When the final whistle sounded on Major League Soccer's Western Conference finals Sunday, it was hard to tell the victors from the vanquished.

On one side of the field the Seattle Sounders, 2-1 winners, saw their livid captain Osvaldo Alonso charge the officials, earning a red card. On the other side, Los Angeles Galaxy players embraced, pumped their fists and generally went wild, celebrating a title and collecting a trophy they won despite losing.

Welcome to the MLS postseason, where things aren't always what they seem. Because despite being outplayed, outhustled and outclassed on a rainy, bone-chilling night at CenturyLink Field, the Galaxy is going on to the league championship game and the Sounders are going home, Seattle having lost the two-game series on aggregate goals, 4-2.

"We didn't play particularly well, there's no question about that," said coach Bruce Arena, whose team won the first leg of the playoff, 3-0. "But we did what we came here to do, advance into the MLS Cup finals. We won this competition and deserve to move forward."

Forward being a Dec. 1 championship game against the Houston Dynamo, the team the Galaxy beat in last year's MLS Cup final at the Home Depot Center in Carson, Calif. And because Arena's team had a better regular-season record than Houston, the Galaxy will again play host to the title game.

"The same teams in our stadium again.
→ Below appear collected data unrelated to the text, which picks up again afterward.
text \<open>
  Let \<open>K\<^sub>i\<close> be the \<open>k\<close>-th largest entry of the limit row \<open>X\<^sub>i(\<infinity>)\<close>. Fewer than \<open>k\<close> entries
  of a vector exceed its \<open>k\<close>-th largest value, while \<open>T\<^sub>k\<close> always has at least \<open>k\<close> elements;
  hence a candidate \<open>j\<close> with \<open>X\<^sub>i\<^sub>j(\<infinity>) > K\<^sub>i\<close> is eventually in \<open>T\<^sub>k(X\<^sub>i(t))\<close>, and one with
  \<open>X\<^sub>i\<^sub>j(\<infinity>) < K\<^sub>i\<close> eventually is not.

  Along an edge \<open>{a,b}\<close>, every \<open>j \<in> S\<^sup>\<infinity>\<^sub>a\<^sub>b\<close> is averaged infinitely often, so
  \<open>X\<^sub>a\<^sub>j(\<infinity>) = X\<^sub>b\<^sub>j(\<infinity>)\<close>; and at late activation times \<open>T\<^sub>k(X\<^sub>a(t))\<close> consists of candidates
  \<open>j \<in> S\<^sup>\<infinity>\<^sub>a\<^sub>b\<close> with \<open>X\<^sub>a\<^sub>j(\<infinity>) \<ge> K\<^sub>a\<close>. Counting these \<open>k\<close> candidates in row \<open>b\<close> gives
  \<open>K\<^sub>a \<le> K\<^sub>b\<close>, so \<open>K\<close> is constant on the connected graph and \<open>\<alpha>\<^sub>a\<^sub>b \<ge> K\<close>. A candidate with
  \<open>X\<^sub>i\<^sub>j(\<infinity>) > K\<close> is therefore eventually always selected by \<open>i\<close>, lies in \<open>S\<^sup>\<infinity>\<close> of every
  edge at \<open>i\<close>, keeps its limit across that edge, and so propagates through the whole graph.
\<close>

lemma sorting_permutation_exists:
  fixes v :: "nat \<Rightarrow> real"
  shows "\<exists>\<sigma>. \<sigma> permutes {1..n} \<and>
      (\<forall>p q. 1 \<le> p \<longrightarrow> p \<le> q \<longrightarrow> q \<le> n \<longrightarrow> v (\<sigma> q) \<le> v (\<sigma> p))"
proof -
  define xs where "xs = sort_key (\<lambda>j. - v j) [1..<n+1]"
  define \<sigma> where "\<sigma> p = (if p \<in> {1..n} then xs ! (p - 1) else p)" for p
  have len: "length xs = n" and "distinct xs" and "set xs = {1..n}"
    by (auto simp: xs_def)
  have "bij_betw (\<lambda>p. p - 1) {1..n} {..<n}"
    by (rule bij_betw_byWitness[where f' = Suc]) (auto simp: image_iff)
  moreover have "bij_betw ((!) xs) {..<n} {1..n}"
    using len \<open>distinct xs\<close> \<open>set xs = {1..n}\<close> by (simp add: bij_betw_nth)
  ultimately have "bij_betw ((!) xs \<circ> (\<lambda>p. p - 1)) {1..n} {1..n}"
    by (rule bij_betw_trans)
  then have "bij_betw \<sigma> {1..n} {1..n}"
    by (rule bij_betw_cong[THEN iffD2, rotated]) (simp add: \<sigma>_def)
  then have "\<sigma> permutes {1..n}"
    by (rule bij_imp_permutes) (auto simp: \<sigma>_def)
  moreover have "v (\<sigma> q) \<le> v (\<sigma> p)" if "1 \<le> p" "p \<le> q" "q \<le> n" for p q
  proof -
    have "sorted (map (\<lambda>j. - v j) xs)"
      by (simp add: xs_def)
    then have "- v (xs ! (p - 1)) \<le> - v (xs ! (q - 1))"
      using that len by (auto simp: sorted_iff_nth_mono)
    then show ?thesis
      using that by (simp add: \<sigma>_def)
  qed
  ultimately show ?thesis
    by blast
qed

lemma kth_val_sorting:
  obtains \<sigma> where "\<sigma> permutes {1..n}"
    and "\<And>p q. 1 \<le> p \<Longrightarrow> p \<le> q \<Longrightarrow> q \<le> n \<Longrightarrow> v (\<sigma> q) \<le> v (\<sigma> p)"
    and "kth_val n k v = v (\<sigma> k)"
proof -
  define \<sigma> where "\<sigma> = (SOME \<sigma>. \<sigma> permutes {1..n} \<and>
      (\<forall>p q. 1 \<le> p \<longrightarrow> p \<le> q \<longrightarrow> q \<le> n \<longrightarrow> v (\<sigma> q) \<le> v (\<sigma> p)))"
  have "\<sigma> permutes {1..n} \<and>
      (\<forall>p q. 1 \<le> p \<longrightarrow> p \<le> q \<longrightarrow> q \<le> n \<longrightarrow> v (\<sigma> q) \<le> v (\<sigma> p))"
    unfolding \<sigma>_def using sorting_permutation_exists[where v = v and n = n] by (rule someI_ex)
  then have "\<sigma> permutes {1..n}"
    and "\<And>p q. 1 \<le> p \<Longrightarrow> p \<le> q \<Longrightarrow> q \<le> n \<Longrightarrow> v (\<sigma> q) \<le> v (\<sigma> p)"
    by auto
  moreover have "kth_val n k v = v (\<sigma> k)"
    by (simp add: kth_val_def \<sigma>_def)
  ultimately show ?thesis
    by (rule that)
qed

lemma topk_subset: "topk n k v \<subseteq> {1..n}"
  by (auto simp: topk_def)

lemma card_topk_ge:
  assumes "k \<le> n"
  shows "k \<le> card (topk n k v)"
proof -
  obtain \<sigma> where \<sigma>: "\<sigma> permutes {1..n}"
    and sorted: "\<And>p q. 1 \<le> p \<Longrightarrow> p \<le> q \<Longrightarrow> q \<le> n \<Longrightarrow> v (\<sigma> q) \<le> v (\<sigma> p)"
    and kth: "kth_val n k v = v (\<sigma> k)"
    by (fact kth_val_sorting)
  have "\<sigma> ` {1..k} \<subseteq> topk n k v"
  proof
    fix i
    assume "i \<in> \<sigma> ` {1..k}"
    then obtain p where p: "p \<in> {1..k}" "i = \<sigma> p"
      by blast
    then have "i \<in> {1..n}"
      using assms permutes_in_image[OF \<sigma>, of p] by simp
    moreover have "v (\<sigma> k) \<le> v i"
      using p assms sorted[of p k] by simp
    ultimately show "i \<in> topk n k v"
      by (simp add: topk_def kth)
  qed
  then have "card (\<sigma> ` {1..k}) \<le> card (topk n k v)"
    by (rule card_mono[OF finite_subset[OF topk_subset finite_atLeastAtMost]])
  moreover have "card (\<sigma> ` {1..k}) = k"
    using card_image[OF permutes_inj_on[OF \<sigma>]] by simp
  ultimately show ?thesis
    by simp
qed

lemma card_above_kth_val_less:
  assumes "1 \<le> k"
  shows "card {j \<in> {1..n}. kth_val n k v < v j} < k"
proof -
  obtain \<sigma> where \<sigma>: "\<sigma> permutes {1..n}"
    and sorted: "\<And>p q. 1 \<le> p \<Longrightarrow> p \<le> q \<Longrightarrow> q \<le> n \<Longrightarrow> v (\<sigma> q) \<le> v (\<sigma> p)"
    and kth: "kth_val n k v = v (\<sigma> k)"
    by (fact kth_val_sorting)
  have "{j \<in> {1..n}. kth_val n k v < v j} \<subseteq> \<sigma> ` {1..<k}"
  proof
    fix j assume j: "j \<in> {j \<in> {1..n}. kth_val n k v < v j}"
    then obtain p where p: "p \<in> {1..n}" "j = \<sigma> p"
      using permutes_image[OF \<sigma>] by blast
    have "p < k"
    proof (rule ccontr)
      assume "\<not> p < k"
      then have "v j \<le> kth_val n k v"
        using p assms sorted[of k p] by (simp add: kth)
      then show False
        using j by simp
    qed
    then show "j \<in> \<sigma> ` {1..<k}"
      using p by auto
  qed
  then have "card {j \<in> {1..n}. kth_val n k v < v j} \<le> card (\<sigma> ` {1..<k})"
    by (intro card_mono) simp_all
  also have "\<dots> \<le> card {1..<k}"
    by (rule card_image_le) simp
  finally show ?thesis
    using assms by simp
qed

lemma topk_not_subset_above_kth_val:
  assumes "1 \<le> k" "k \<le> n"
  shows "\<not> topk n k v \<subseteq> {j \<in> {1..n}. kth_val n k w < w j}"
proof
  assume "topk n k v \<subseteq> {j \<in> {1..n}. kth_val n k w < w j}"
  then have "card (topk n k v) \<le> card {j \<in> {1..n}. kth_val n k w < w j}"
    by (intro card_mono) simp_all
  then show False
    using card_topk_ge[OF assms(2), of v] card_above_kth_val_less[OF assms(1), of n w] by linarith
qed

lemma mem_topk_if_close:
  assumes "1 \<le> k" "k \<le> n" "j \<in> {1..n}"
    and close: "\<forall>i\<in>{1..n}. \<bar>v i - w i\<bar> < (w j - kth_val n k w) / 2"
  shows "j \<in> topk n k v"
proof (rule ccontr)
  assume "j \<notin> topk n k v"
  then have below: "v j < kth_val n k v"
    using assms(3) by (auto simp: topk_def)
  have "kth_val n k w < w i" if "i \<in> topk n k v" for i
  proof -
    have i: "i \<in> {1..n}" and "kth_val n k v \<le> v i"
      using that by (auto simp: topk_def)
    then show ?thesis
      using bspec[OF close i] bspec[OF close assms(3)] below unfolding abs_less_iff by auto
  qed
  then have "topk n k v \<subseteq> {i \<in> {1..n}. kth_val n k w < w i}"
    using topk_subset by blast
  then show False
    using topk_not_subset_above_kth_val[OF assms(1,2)] by blast
qed

lemma not_mem_topk_if_close:
  assumes "1 \<le> k" "k \<le> n" "j \<in> {1..n}"
    and close: "\<forall>i\<in>{1..n}. \<bar>v i - w i\<bar> < (kth_val n k w - w j) / 2"
  shows "j \<notin> topk n k v"
proof
  assume "j \<in> topk n k v"
  then have above: "kth_val n k v \<le> v j"
    by (auto simp: topk_def)
  have "kth_val n k v < v i" if "i \<in> topk n k w" for i
  proof -
    have i: "i \<in> {1..n}" and "kth_val n k w \<le> w i"
      using that by (auto simp: topk_def)
    then show ?thesis
      using bspec[OF close i] bspec[OF close assms(3)] above unfolding abs_less_iff by auto
  qed
  then have "topk n k w \<subseteq> {i \<in> {1..n}. kth_val n k v < v i}"
    using topk_subset by blast
  then show False
    using topk_not_subset_above_kth_val[OF assms(1,2)] by blast
qed

lemma eventually_uniformly_close:
  fixes V :: "'a \<Rightarrow> nat \<Rightarrow> real"
  assumes "finite A" "\<delta> > 0" "\<And>i. i \<in> A \<Longrightarrow> ((\<lambda>t. V t i) \<longlongrightarrow> w i) F"
  shows "\<forall>\<^sub>F t in F. \<forall>i\<in>A. \<bar>V t i - w i\<bar> < \<delta>"
  using assms by (simp add: eventually_ball_finite tendsto_iff dist_real_def)

lemma eventually_mem_topk:
  assumes "1 \<le> k" "k \<le> n" "j \<in> {1..n}" "kth_val n k w < w j"
    and "\<And>i. i \<in> {1..n} \<Longrightarrow> ((\<lambda>t. V t i) \<longlongrightarrow> w i) F"
  shows "\<forall>\<^sub>F t in F. j \<in> topk n k (V t)"
proof -
  have "\<forall>\<^sub>F t in F. \<forall>i\<in>{1..n}. \<bar>V t i - w i\<bar> < (w j - kth_val n k w) / 2"
    using assms(4,5) by (intro eventually_uniformly_close) auto
  then show ?thesis
    by (rule eventually_mono) (rule mem_topk_if_close[OF assms(1-3)])
qed

lemma eventually_not_mem_topk:
  assumes "1 \<le> k" "k \<le> n" "j \<in> {1..n}" "w j < kth_val n k w"
    and "\<And>i. i \<in> {1..n} \<Longrightarrow> ((\<lambda>t. V t i) \<longlongrightarrow> w i) F"
  shows "\<forall>\<^sub>F t in F. j \<notin> topk n k (V t)"
proof -
  have "\<forall>\<^sub>F t in F. \<forall>i\<in>{1..n}. \<bar>V t i - w i\<bar> < (kth_val n k w - w j) / 2"
    using assms(4,5) by (intro eventually_uniformly_close) auto
  then show ?thesis
    by (rule eventually_mono) (rule not_mem_topk_if_close[OF assms(1-3)])
qed

lemma frequently_enumerate_iff:
  fixes A :: "nat set"
  assumes "infinite A"
  shows "(\<exists>\<^sub>F s in sequentially. P (enumerate A s)) \<longleftrightarrow> (\<exists>\<^sub>F t in sequentially. t \<in> A \<and> P t)"
  unfolding frequently_sequentially
proof (intro iffI allI)
  fix N
  assume "\<forall>N. \<exists>s\<ge>N. P (enumerate A s)"
  then obtain s where "s \<ge> N" "P (enumerate A s)"
    by blast
  then show "\<exists>t\<ge>N. t \<in> A \<and> P t"
    using le_enumerate[OF assms, of s] enumerate_in_set[OF assms] by (meson order_trans)
next
  fix N
  assume "\<forall>N. \<exists>t\<ge>N. t \<in> A \<and> P t"
  then obtain t where t: "t \<ge> enumerate A N" "t \<in> A" "P t"
    by blast
  then obtain s where "enumerate A s = t"
    using enumerate_Ex[OF assms] by blast
  then show "\<exists>s\<ge>N. P (enumerate A s)"
    using t assms by auto
qed

locale top_k_gossip =
  fixes m n k :: nat and i1 i2 :: "nat \<Rightarrow> nat" and X0 Xinf :: "nat \<Rightarrow> nat \<Rightarrow> real"
  assumes k_pos: "1 \<le> k" and k_le_n: "k \<le> n"
    and agents_in_range: "\<And>t. i1 t \<in> {1..m} \<and> i2 t \<in> {1..m}"
    and converges: "\<forall>i\<in>{1..m}. \<forall>j\<in>{1..n}. (\<lambda>t. gossip n k i1 i2 X0 t i j) \<longlonglongrightarrow> Xinf i j"
begin

abbreviation X :: "nat \<Rightarrow> nat \<Rightarrow> nat \<Rightarrow> real" where "X t \<equiv> gossip n k i1 i2 X0 t"
abbreviation S :: "nat \<Rightarrow> nat set" where "S t \<equiv> selS n k i1 i2 X0 t"
abbreviation S_inf :: "nat set \<Rightarrow> nat set" where "S_inf e \<equiv> Sinf n k i1 i2 X0 e"

definition lim_kth :: "nat \<Rightarrow> real" where "lim_kth i = kth_val n k (Xinf i)"

lemma frequently_activated:
  assumes "e \<in> edges i1 i2"
  shows "\<exists>\<^sub>F t in sequentially. {i1 t, i2 t} = e"
  using assms by (simp add: edges_def frequently_cofinite flip: cofinite_eq_sequentially)

lemma edge_in_range:
  assumes "{a, b} \<in> edges i1 i2"
  shows "a \<in> {1..m}" "b \<in> {1..m}"
proof -
  obtain t where "{i1 t, i2 t} = {a, b}"
    using frequently_ex[OF frequently_activated[OF assms]] by blast
  then show "a \<in> {1..m}" "b \<in> {1..m}"
    using agents_in_range[of t] by (auto simp: doubleton_eq_iff)
qed

lemma mem_S_inf_iff:
  assumes "e \<in> edges i1 i2"
  shows "j \<in> S_inf e \<longleftrightarrow> (\<exists>\<^sub>F t in sequentially. {i1 t, i2 t} = e \<and> j \<in> S t)"
proof -
  have "infinite {t. {i1 t, i2 t} = e}"
    using assms by (simp add: edges_def)
  then show ?thesis
    using frequently_enumerate_iff[of "{t. {i1 t, i2 t} = e}" "\<lambda>t. j \<in> S t"]
    by (simp add: Sinf_def beta_def frequently_sequentially Bex_def)
qed

lemma S_inf_subset: "S_inf e \<subseteq> {1..n}"
  by (auto simp: Sinf_def selS_def topk_def)
lemma Li_div_cauchy_hat_expansion:
  assumes "0 \<le> q" and "q < 1" and "s \<noteq> 0" and "complex_of_real \<rho> = s" and "m \<le> N"
  shows "Li_div k q $ m
    = (\<Sum>l=0..N. (- 1) ^ l * ((- s) ^ m / (- s) ^ l) * (S2w m l (- y / s) * qpoly_cauchy_hat k l \<rho> q y))"
proof -
  have "qpoly_cauchy k l (- \<rho>) q y = (- 1) ^ l * qpoly_cauchy_hat k l \<rho> q y" for l
    by (simp add: qpoly_cauchy_hat_eq mult.assoc[symmetric] flip: power_mult_distrib)
  then show ?thesis
    using assms Li_div_cauchy_expansion[OF assms(1,2), of "- s" "- \<rho>" m N k y]
    by (simp add: mult_ac)
qed

subsection \<open>Combining the expansions\<close>

lemma sum_substitute:
  fixes X :: "'a::comm_semiring_1"
  assumes "X = (\<Sum>m=0..n. A m * (u m * P m))"
    and "\<And>m. m \<le> n \<Longrightarrow> A m = (\<Sum>l=0..n. v l m * Q l m)"
    and "\<And>l m. l \<le> n \<Longrightarrow> m \<le> n \<Longrightarrow> v l m * u m = w l m"
  shows "X = (\<Sum>l=0..n. \<Sum>m=0..n. w l m * (Q l m * P m))"
proof -
  have "X = (\<Sum>m=0..n. (\<Sum>l=0..n. v l m * Q l m) * (u m * P m))"
    unfolding assms(1) using assms(2) by (intro sum.cong refl) simp
  also have "\<dots> = (\<Sum>m=0..n. \<Sum>l=0..n. v l m * u m * (Q l m * P m))"
    by (simp add: sum_distrib_left sum_distrib_right mult_ac)
  also have "\<dots> = (\<Sum>m=0..n. \<Sum>l=0..n. w l m * (Q l m * P m))"
    using assms(3) by (intro sum.cong refl) simp
  also have "\<dots> = (\<Sum>l=0..n. \<Sum>m=0..n. w l m * (Q l m * P m))"
    by (rule sum.swap)
  finally show ?thesis .
qed

lemma power_divide_mult_power_divide:
  fixes s :: "'a::field"
  assumes "s \<noteq> 0" and "l \<le> n"
  shows "s ^ m / s ^ l * (s ^ n / s ^ m) = s ^ (n - l)"
proof -
  have "s ^ m / s ^ l * (s ^ n / s ^ m) = s ^ n / s ^ l"
    using assms(1) by simp
  also have "\<dots> = s ^ (n - l)"
    using assms by (simp add: power_diff)
  finally show ?thesis .
qed

lemma power_divide_mult_minus_power_divide:
  fixes s :: "'a::field"
  assumes "s \<noteq> 0" and "l \<le> n" and "m \<le> n"
  shows "s ^ m / s ^ l * ((- s) ^ n / (- s) ^ m) = (- 1) ^ (n - m) * s ^ (n - l)"
proof -
  have "(- s) ^ n / (- s) ^ m = (- s) ^ (n - m)"
    using assms(1,3) by (simp add: power_diff)
  also have "\<dots> = (- 1) ^ (n - m) * s ^ (n - m)"
    by (rule power_minus)
  also have "s ^ (n - m) = s ^ n / s ^ m"
    using assms(1,3) by (simp add: power_diff)
  finally show ?thesis
    using power_divide_mult_power_divide[OF assms(1,2)] by (metis mult.left_commute)
qed

lemma minus_power_divide_mult_minus_power_divide:
  fixes s :: "'a::field"
  assumes "s \<noteq> 0" and "l \<le> n"
  shows "(- 1) ^ l * ((- s) ^ m / (- s) ^ l) * ((- s) ^ n / (- s) ^ m) = (- 1) ^ n * s ^ (n - l)"
proof -
  have "(- 1) ^ l * (- 1) ^ (n - l) = ((- 1) ^ n :: 'a)"
    using assms(2) by (simp flip: power_add)
  then show ?thesis
    using power_divide_mult_power_divide[of "- s" l n m] assms
    by (simp only: mult.assoc power_minus[of s "n - l"]) (simp flip: mult.assoc)
qed

lemma qpoly_bernoulli_eq_cauchy_sum:
  assumes "0 \<le> q" and "q < 1" and "\<rho> \<noteq> 0"
  shows "qpoly_bernoulli k n \<rho> q x =
           (\<Sum>l=0..n. \<Sum>m=0..n. (-1) ^ (n - m) * fact m * complex_of_real \<rho> ^ (n - l) *
              S2w n m (x / complex_of_real \<rho>) * S2w m l (y / complex_of_real \<rho>) *
              qpoly_cauchy k l \<rho> q y)"
proof -
  define s where "s = complex_of_real \<rho>"
  have s: "s \<noteq> 0" "complex_of_real \<rho> = s"
    using assms(3) by (simp_all add: s_def)
  have "qpoly_bernoulli k n \<rho> q x = (\<Sum>l=0..n. \<Sum>m=0..n. (- 1) ^ (n - m) * s ^ (n - l) *
      ((S2w m l (y / s) * qpoly_cauchy k l \<rho> q y) * (fact m * S2w n m (x / s))))"
    by (rule sum_substitute[OF qpoly_bernoulli_expansion[OF s] Li_div_cauchy_expansion[OF assms(1,2) s]])
      (assumption | rule power_divide_mult_minus_power_divide[OF s(1)])+
  also have "\<dots> = (\<Sum>l=0..n. \<Sum>m=0..n. (-1) ^ (n - m) * fact m * s ^ (n - l) * S2w n m (x / s) * S2w m l (y / s) * qpoly_cauchy k l \<rho> q y)"
    by (simp only: times_divide_eq_left times_divide_eq_right mult_ac)
  finally show ?thesis
    unfolding s_def .
qed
So we'll take it," striker Robbie Keane said. "The most important thing is we're in the final."

And the guy who played the most important part in getting the Galaxy there was Keane, whose penalty-kick goal in the 68th minute - his fifth score in three games - deflated an urgent Seattle attack and silenced a crowd of 44,575. What's more, it was the handball call against Adam Johansson to set up the penalty kick that had the Sounders livid afterward.

Needing to beat the Galaxy by three goals just to force overtime, the Sounders came out with an urgency that went unmatched by the Galaxy who, playing without injured captain Landon Donovan, chased the game all night. Seattle's energy was rewarded in the 12th minute when Eddie Johnson took a long through ball from Zach Scott up the left wing and, with defender Omar Gonzalez hanging on, lined a left-footed shot from the middle of the box into the lower left corner.

Johnson had beaten goalkeeper Josh Saunders a minute earlier, taking a pass from Christian Tiffert in the box and one-timing a shot into the center of the net but that score was disallowed by an offside call.

The Sounders didn't let up, though, and when Scott scored on a diving header 12 minutes into the second half the momentum was clearly with Seattle.

Keane stopped that with a nifty play nine minutes later, taking the ball up the left side of the penalty area despite some close marking from Johansson, who eventually pinned Keane against the end line.

With nowhere to go, Keane tried to send a wrong-footed cross toward the goal but the ball struck the defender in the left hand instead, earning a penalty call from referee Mark Geiger, a penalty Keane converted.

"You can't try to get a penalty in that situation. I was just trying to get the ball across and the referee gave a penalty," Keane said. "So lucky for us. Certainly they were the better team tonight. There's no question about that.

"But at the end of the day we're in the final, so that's all that matters."